Problem >> Transcribe only part of the material below: the lines from the one containing "from fun_cong[OF eq, of 0]" through the one containing "in $\sigma\cdot X$.", inclusive, exactly as written.

═════ Data for review ═════

lemma prime_level_set_h_closed_sets:
  assumes prime: "prime_fuzzy_h_ideal m \<mu>" and t: "0 < t" "t \<le> 1"
    and I: "I \<noteq> {}" "h_closed m I" and K: "K \<noteq> {}" "h_closed m K"
    and cross: "\<And>a c \<gamma>. a \<in> I \<Longrightarrow> c \<in> K \<Longrightarrow> t \<le> \<mu> (m a \<gamma> c)"
  shows "(\<forall>a\<in>I. t \<le> \<mu> a) \<or> (\<forall>c\<in>K. t \<le> \<mu> c)"
proof -
  have \<mu>: "fuzzy_h_ideal m \<mu>" by (rule prime_fuzzy_h_ideal_fuzzy_h_ideal[OF prime])
  have "(\<forall>w. (if w \<in> I then t else 0) \<le> \<mu> w) \<or> (\<forall>w. (if w \<in> K then t else 0) \<le> \<mu> w)"
    using prime fuzzy_h_ideal_scaled_indicator[OF I t] fuzzy_h_ideal_scaled_indicator[OF K t]
      h_product_scaled_indicators_le[OF \<mu> t(1) cross]
    unfolding prime_fuzzy_h_ideal_def by blast
  then show ?thesis by (metis (full_types))
qed

lemma le_ext_fuzzy_iff:
  assumes "fuzzy_h_ideal m \<mu>"
  shows "t \<le> ext_fuzzy m x \<mu> y \<longleftrightarrow> (\<forall>\<alpha> s \<gamma>. t \<le> \<mu> (m (m x \<alpha> s) \<gamma> y))"
proof -
  have "bdd_below {\<mu> (m (m x \<alpha> s) \<gamma> y) | s \<alpha> \<gamma>. True}"
    using fuzzy_h_ideal_nonneg[OF assms] by (intro bdd_belowI[of _ 0]) auto
  then show ?thesis unfolding ext_fuzzy_def by (subst le_cInf_iff) auto
qed

context
  fixes m :: "'a::comm_monoid_add \<Rightarrow> 'g::comm_monoid_add \<Rightarrow> 'a \<Rightarrow> 'a"
  assumes gamma_hemiring: "gamma_hemiring m"
begin

lemma gamma_add_left: "m (a + b) \<alpha> c = m a \<alpha> c + m b \<alpha> c"
  using gamma_hemiring unfolding gamma_hemiring_def by auto

lemma gamma_add_right: "m a \<alpha> (b + c) = m a \<alpha> b + m a \<alpha> c"
  using gamma_hemiring unfolding gamma_hemiring_def by auto

lemma gamma_assoc: "m a \<alpha> (m b \<beta> c) = m (m a \<alpha> b) \<beta> c"
  using gamma_hemiring unfolding gamma_hemiring_def by auto

lemma h_closed_right_quotient:
  assumes P: "h_closed m P" and X: "\<And>a \<gamma> c. a \<in> X \<Longrightarrow> m a \<gamma> c \<in> X"
  shows "h_closed m (right_quotient m P X)"
proof -
  have P_add: "\<And>u v. u \<in> P \<Longrightarrow> v \<in> P \<Longrightarrow> u + v \<in> P"
    and P_mult: "\<And>u \<gamma> v. u \<in> P \<Longrightarrow> m u \<gamma> v \<in> P"
    and P_h: "\<And>x a b z. x + a + z = b + z \<Longrightarrow> a \<in> P \<Longrightarrow> b \<in> P \<Longrightarrow> x \<in> P"
    using P unfolding h_closed_def by blast+
  show ?thesis unfolding h_closed_def right_quotient_def mem_Collect_eq
  proof (intro conjI allI impI ballI)
    fix x y a \<gamma> assume "\<forall>a\<in>X. \<forall>\<gamma>. m a \<gamma> x \<in> P" "\<forall>a\<in>X. \<forall>\<gamma>. m a \<gamma> y \<in> P" "a \<in> X"
    then show "m a \<gamma> (x + y) \<in> P" by (simp add: gamma_add_right P_add)
  next
    fix c \<gamma> d a \<beta> assume "\<forall>a\<in>X. \<forall>\<gamma>. m a \<gamma> c \<in> P" "a \<in> X"
    then show "m a \<beta> (m c \<gamma> d) \<in> P" by (simp add: gamma_assoc P_mult)
  next
    fix c \<gamma> d a \<beta> assume "\<forall>a\<in>X. \<forall>\<gamma>. m a \<gamma> c \<in> P" "a \<in> X"
    then show "m a \<beta> (m d \<gamma> c) \<in> P" by (simp add: gamma_assoc X)
  next
    fix x b c z a \<gamma> assume eq: "x + b + z = c + z"
      and "\<forall>a\<in>X. \<forall>\<gamma>. m a \<gamma> b \<in> P" "\<forall>a\<in>X. \<forall>\<gamma>. m a \<gamma> c \<in> P" "a \<in> X"
    moreover have "m a \<gamma> x + m a \<gamma> b + m a \<gamma> z = m a \<gamma> c + m a \<gamma> z"
      using arg_cong[OF eq, of "m a \<gamma>"] by (simp add: gamma_add_right)
    ultimately show "m a \<gamma> x \<in> P" using P_h by blast
  qed
qed

lemma h_closed_left_quotient:
  assumes P: "h_closed m P"
  shows "h_closed m (left_quotient m P b)"
proof -
  have P_add: "\<And>u v. u \<in> P \<Longrightarrow> v \<in> P \<Longrightarrow> u + v \<in> P"
    and P_mult: "\<And>u \<gamma> v. u \<in> P \<Longrightarrow> m v \<gamma> u \<in> P"
    and P_h: "\<And>x a b z. x + a + z = b + z \<Longrightarrow> a \<in> P \<Longrightarrow> b \<in> P \<Longrightarrow> x \<in> P"
    using P unfolding h_closed_def by blast+
  show ?thesis unfolding h_closed_def left_quotient_def mem_Collect_eq
  proof (intro conjI allI impI)
    fix x y \<eta> s \<delta> assume "\<forall>\<eta> s \<delta>. m (m x \<eta> s) \<delta> b \<in> P" "\<forall>\<eta> s \<delta>. m (m y \<eta> s) \<delta> b \<in> P"
    then show "m (m (x + y) \<eta> s) \<delta> b \<in> P" by (simp add: gamma_add_left P_add)
  next
    fix a \<gamma> c \<eta> s \<delta> assume "\<forall>\<eta> s \<delta>. m (m a \<eta> s) \<delta> b \<in> P"
    then have "m (m a \<gamma> (m c \<eta> s)) \<delta> b \<in> P" by blast
    then show "m (m (m a \<gamma> c) \<eta> s) \<delta> b \<in> P" by (simp add: gamma_assoc)
  next
    fix a \<gamma> c \<eta> s \<delta> assume "\<forall>\<eta> s \<delta>. m (m a \<eta> s) \<delta> b \<in> P"
    then have "m c \<gamma> (m (m a \<eta> s) \<delta> b) \<in> P" by (simp add: P_mult)
    then show "m (m (m c \<gamma> a) \<eta> s) \<delta> b \<in> P" by (simp add: gamma_assoc)
  next
    fix x a c z \<eta> s \<delta> assume eq: "x + a + z = c + z"
      and "\<forall>\<eta> s \<delta>. m (m a \<eta> s) \<delta> b \<in> P" "\<forall>\<eta> s \<delta>. m (m c \<eta> s) \<delta> b \<in> P"
    moreover have "m (m x \<eta> s) \<delta> b + m (m a \<eta> s) \<delta> b + m (m z \<eta> s) \<delta> b
          = m (m c \<eta> s) \<delta> b + m (m z \<eta> s) \<delta> b"
      using arg_cong[OF eq, of "\<lambda>u. m (m u \<eta> s) \<delta> b"] by (simp add: gamma_add_left)
    ultimately show "m (m x \<eta> s) \<delta> b \<in> P" using P_h by blast
  qed
qed

lemma prime_level_set_right_quotient:
  assumes prime: "prime_fuzzy_h_ideal m \<mu>" and t: "0 < t" "t \<le> 1"
    and X: "X \<noteq> {}" "h_closed m X"
    and Q: "right_quotient m {x. t \<le> \<mu> x} X \<noteq> {}"
  shows "X \<subseteq> {x. t \<le> \<mu> x} \<or> right_quotient m {x. t \<le> \<mu> x} X \<subseteq> {x. t \<le> \<mu> x}"
proof -
  have \<mu>: "fuzzy_h_ideal m \<mu>" by (rule prime_fuzzy_h_ideal_fuzzy_h_ideal[OF prime])
  have "h_closed m (right_quotient m {x. t \<le> \<mu> x} X)"
    using X(2) by (intro h_closed_right_quotient h_closed_level_set[OF \<mu>]) (auto simp: h_closed_def)
  from prime_level_set_h_closed_sets[OF prime t X Q this] show ?thesis
    unfolding right_quotient_def by auto
qed

lemma prime_level_set_mult_right:
  assumes prime: "prime_fuzzy_h_ideal m \<mu>" and t: "0 < t" "t \<le> 1"
    and b: "\<And>s \<delta>. t \<le> \<mu> (m s \<delta> b)"
  shows "t \<le> \<mu> b"
proof -
  have "b \<in> right_quotient m {x. t \<le> \<mu> x} UNIV"
    using b unfolding right_quotient_def by simp
  with prime_level_set_right_quotient[OF prime t, of UNIV] show ?thesis
    by (auto simp: h_closed_def)
qed

lemma prime_level_set_sandwich:
  assumes prime: "prime_fuzzy_h_ideal m \<mu>" and t: "0 < t" "t \<le> 1"
    and ab: "\<And>\<eta> s \<delta>. t \<le> \<mu> (m (m a \<eta> s) \<delta> b)"
  shows "t \<le> \<mu> a \<or> t \<le> \<mu> b"
proof -
  have \<mu>: "fuzzy_h_ideal m \<mu>" by (rule prime_fuzzy_h_ideal_fuzzy_h_ideal[OF prime])
  define P where "P = {x. t \<le> \<mu> x}"
  define I where "I = left_quotient m P b"
  have a: "a \<in> I" using ab unfolding I_def P_def left_quotient_def by simp
  have Sb: "m s \<delta> b \<in> right_quotient m P I" for s \<delta>
    unfolding right_quotient_def I_def left_quotient_def by (simp add: gamma_assoc)
  have "h_closed m I"
    unfolding I_def P_def by (rule h_closed_left_quotient[OF h_closed_level_set[OF \<mu>]])
  with prime_level_set_right_quotient[OF prime t, of I] a Sb
  have "I \<subseteq> P \<or> right_quotient m P I \<subseteq> P" unfolding P_def by blast
  then show ?thesis
  proof
    assume "I \<subseteq> P" with a show ?thesis unfolding P_def by auto
  next
    assume "right_quotient m P I \<subseteq> P"
    with Sb have "t \<le> \<mu> (m s \<delta> b)" for s \<delta> unfolding P_def by auto
    with prime_level_set_mult_right[OF prime t] show ?thesis by blast
  qed
qed
definition diag_isom :: "bool \<Rightarrow> bool \<Rightarrow> bool \<Rightarrow> real \<Rightarrow> real \<Rightarrow> real \<Rightarrow> real^3 \<Rightarrow> real^3" where
  "diag_isom e1 e2 e3 t1 t2 t3 x =
     vec3 (flip_sign e1 * x$1 + t1) (flip_sign e2 * x$2 + t2) (flip_sign e3 * x$3 + t3)"

abbreviation translation :: "real \<Rightarrow> real \<Rightarrow> real \<Rightarrow> real^3 \<Rightarrow> real^3" where
  "translation \<equiv> diag_isom False False False"

lemma vec3_nth [simp]: "vec3 a b c $ 1 = a" "vec3 a b c $ 2 = b" "vec3 a b c $ 3 = c"
  by (simp_all add: vec3_def)

lemma vec3_eq_iff: "(x::'a::zero^3) = y \<longleftrightarrow> x$1 = y$1 \<and> x$2 = y$2 \<and> x$3 = y$3"
  by (simp add: vec_eq_iff forall_3)

lemma vec3_inject [simp]: "vec3 a b c = vec3 a' b' c' \<longleftrightarrow> a = a' \<and> b = b' \<and> c = c'"
  by (simp add: vec3_eq_iff)

lemma flip_sign_simps [simp]:
  "flip_sign True = -1" "flip_sign False = 1" "flip_sign b * flip_sign b = 1"
  by (auto simp: flip_sign_def)

lemma flip_sign_of_int: "flip_sign e * of_int k = of_int (if e then - k else k)"
  by (simp add: flip_sign_def)

lemma diag_isom_comp:
  "diag_isom e1 e2 e3 t1 t2 t3 \<circ> diag_isom f1 f2 f3 s1 s2 s3 =
   diag_isom (e1 \<noteq> f1) (e2 \<noteq> f2) (e3 \<noteq> f3)
     (flip_sign e1 * s1 + t1) (flip_sign e2 * s2 + t2) (flip_sign e3 * s3 + t3)"
  by (auto simp: fun_eq_iff diag_isom_def flip_sign_def algebra_simps)

lemma translation_zero: "translation 0 0 0 = id"
  by (simp add: fun_eq_iff diag_isom_def vec3_eq_iff)

lemma inv_diag_isom:
  "inv (diag_isom e1 e2 e3 t1 t2 t3) =
   diag_isom e1 e2 e3 (- flip_sign e1 * t1) (- flip_sign e2 * t2) (- flip_sign e3 * t3)"
  by (rule inv_unique_comp)
    (simp_all add: diag_isom_comp translation_zero[symmetric] algebra_simps flip: mult.assoc)

lemma diag_isom_eq_iff:
  "diag_isom e1 e2 e3 t1 t2 t3 = diag_isom f1 f2 f3 s1 s2 s3 \<longleftrightarrow>
    e1 = f1 \<and> e2 = f2 \<and> e3 = f3 \<and> t1 = s1 \<and> t2 = s2 \<and> t3 = s3"
proof
  assume eq: "diag_isom e1 e2 e3 t1 t2 t3 = diag_isom f1 f2 f3 s1 s2 s3"
  from fun_cong[OF eq, of 0] have t: "t1 = s1" "t2 = s2" "t3 = s3"
    by (simp_all add: diag_isom_def)
  from fun_cong[OF eq, of "vec3 1 1 1"] t
  have "flip_sign e1 = flip_sign f1" "flip_sign e2 = flip_sign f2" "flip_sign e3 = flip_sign f3"
    by (simp_all add: diag_isom_def)
  then show "e1 = f1 \<and> e2 = f2 \<and> e3 = f3 \<and> t1 = s1 \<and> t2 = s2 \<and> t3 = s3"
    using t by (auto simp: flip_sign_def split: if_splits)
qed simp
(* Let $\sigma:\mathcal{A}^*\to\mathcal{B}^*$ be a return morphism for two distinct words $w,w'\in\mathcal{B}^+$ with $|w|\le|w'|$, and let $X$ be a shift space over $\mathcal{A}$. Then: (1) $w$ is a proper prefix of $w'$; (2) $\sigma$ is a return morphism for every prefix of $w'$ of length at least $|w|$; (3) $w$ is not right special in $\sigma\cdot X$; (4) if $w'$ has maximal length among the words for which $\sigma$ is a return morphism, then $w'$ is right special in $\sigma\cdot X$.
   Context: $\mathcal{A},\mathcal{B}$ are finite alphabets. A shift space over $\mathcal{A}$ is a nonempty closed shift-invariant $X\subseteq\mathcal{A}^{\mathbb{Z}}$ whose language contains every letter of $\mathcal{A}$. Morphisms are non-erasing monoid morphisms extended to $\mathcal{A}^{\mathbb{Z}}$ by concatenation, and $\sigma\cdot X=\{S^k\sigma(x): x\in X, 0\le k<|\sigma(x_0)|\}$ where $S$ is the shift. A return morphism for $w\in\mathcal{B}^+$ is an injective morphism $\sigma:\mathcal{A}^*\to\mathcal{B}^*$ such that for every $a\in\mathcal{A}$, $\sigma(a)w$ contains exactly two occurrences of $w$, one as a proper prefix and one as a proper suffix. A word $u$ is right special in a shift $Y$ if there are at least two letters $b$ with $ub$ in the language of $Y$. *)

theory Defs
  imports Main "HOL-Library.Sublist"
begin

text \<open>Bi-infinite sequences over an alphabet 'a are functions int => 'a.
  The alphabets are the (finite) universes of the types 'a and 'b.\<close>

definition shift :: "(int \<Rightarrow> 'a) \<Rightarrow> (int \<Rightarrow> 'a)" where
  "shift x = (\<lambda>i. x (i + 1))"

definition factor_at :: "(int \<Rightarrow> 'a) \<Rightarrow> int \<Rightarrow> nat \<Rightarrow> 'a list" where
  "factor_at x i n = map (\<lambda>j. x (i + int j)) [0..<n]"

definition lang :: "(int \<Rightarrow> 'a) set \<Rightarrow> 'a list set" where
  "lang Y = {u. \<exists>y\<in>Y. \<exists>i. u = factor_at y i (length u)}"

text \<open>Closedness in the product topology of discrete spaces on 'a^Z:
  a point all of whose central blocks are approximated by points of X lies in X.\<close>
definition shift_closed :: "(int \<Rightarrow> 'a) set \<Rightarrow> bool" where
  "shift_closed X \<longleftrightarrow>
     (\<forall>x. (\<forall>n::nat. \<exists>y\<in>X. \<forall>i. \<bar>i\<bar> \<le> int n \<longrightarrow> y i = x i) \<longrightarrow> x \<in> X)"

definition shift_space :: "(int \<Rightarrow> 'a::finite) set \<Rightarrow> bool" where
  "shift_space X \<longleftrightarrow> X \<noteq> {} \<and> shift_closed X \<and> shift ` X = X \<and>
     (\<forall>a::'a. [a] \<in> lang X)"

definition morph :: "('a \<Rightarrow> 'b list) \<Rightarrow> 'a list \<Rightarrow> 'b list" where
  "morph \<sigma> u = concat (map \<sigma> u)"

definition non_erasing :: "('a \<Rightarrow> 'b list) \<Rightarrow> bool" where
  "non_erasing \<sigma> \<longleftrightarrow> (\<forall>a. \<sigma> a \<noteq> [])"

text \<open>Position in sigma(x) at which the image of x_n starts (sigma(x_0) starts at 0).\<close>
definition morph_offset :: "('a \<Rightarrow> 'b list) \<Rightarrow> (int \<Rightarrow> 'a) \<Rightarrow> int \<Rightarrow> int" where
  "morph_offset \<sigma> x n =
     (if 0 \<le> n then (\<Sum>i\<in>{0..<n}. int (length (\<sigma> (x i))))
      else - (\<Sum>i\<in>{n..<0}. int (length (\<sigma> (x i)))))"

text \<open>Extension of sigma to 'a^Z by concatenation:
  sigma(x) = ... sigma(x_{-1}) . sigma(x_0) sigma(x_1) ...\<close>
definition morph_seq :: "('a \<Rightarrow> 'b list) \<Rightarrow> (int \<Rightarrow> 'a) \<Rightarrow> (int \<Rightarrow> 'b)" where
  "morph_seq \<sigma> x j =
     (let n = (THE n. morph_offset \<sigma> x n \<le> j \<and> j < morph_offset \<sigma> x (n + 1))
      in \<sigma> (x n) ! nat (j - morph_offset \<sigma> x n))"

definition morph_image :: "('a \<Rightarrow> 'b list) \<Rightarrow> (int \<Rightarrow> 'a) set \<Rightarrow> (int \<Rightarrow> 'b) set" where
  "morph_image \<sigma> X =
     {(shift ^^ k) (morph_seq \<sigma> x) | x k. x \<in> X \<and> k < length (\<sigma> (x 0))}"

definition occurrences :: "'b list \<Rightarrow> 'b list \<Rightarrow> nat set" where
  "occurrences w v = {i. i + length w \<le> length v \<and> take (length w) (drop i v) = w}"

definition return_morphism :: "('a \<Rightarrow> 'b list) \<Rightarrow> 'b list \<Rightarrow> bool" where
  "return_morphism \<sigma> w \<longleftrightarrow> w \<noteq> [] \<and> non_erasing \<sigma> \<and> inj (morph \<sigma>) \<and>
     (\<forall>a. card (occurrences w (\<sigma> a @ w)) = 2 \<and>
          strict_prefix w (\<sigma> a @ w) \<and> strict_suffix w (\<sigma> a @ w))"

definition right_special :: "(int \<Rightarrow> 'b) set \<Rightarrow> 'b list \<Rightarrow> bool" where
  "right_special Y u \<longleftrightarrow> card {b. u @ [b] \<in> lang Y} \<ge> 2"

end

theory Submission
  imports Defs
begin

═════

Result of this task >>
  from fun_cong[OF eq, of 0] have t: "t1 = s1" "t2 = s2" "t3 = s3"
    by (simp_all add: diag_isom_def)
  from fun_cong[OF eq, of "vec3 1 1 1"] t
  have "flip_sign e1 = flip_sign f1" "flip_sign e2 = flip_sign f2" "flip_sign e3 = flip_sign f3"
    by (simp_all add: diag_isom_def)
  then show "e1 = f1 \<and> e2 = f2 \<and> e3 = f3 \<and> t1 = s1 \<and> t2 = s2 \<and> t3 = s3"
    using t by (auto simp: flip_sign_def split: if_splits)
qed simp
(* Let $\sigma:\mathcal{A}^*\to\mathcal{B}^*$ be a return morphism for two distinct words $w,w'\in\mathcal{B}^+$ with $|w|\le|w'|$, and let $X$ be a shift space over $\mathcal{A}$. Then: (1) $w$ is a proper prefix of $w'$; (2) $\sigma$ is a return morphism for every prefix of $w'$ of length at least $|w|$; (3) $w$ is not right special in $\sigma\cdot X$; (4) if $w'$ has maximal length among the words for which $\sigma$ is a return morphism, then $w'$ is right special in $\sigma\cdot X$.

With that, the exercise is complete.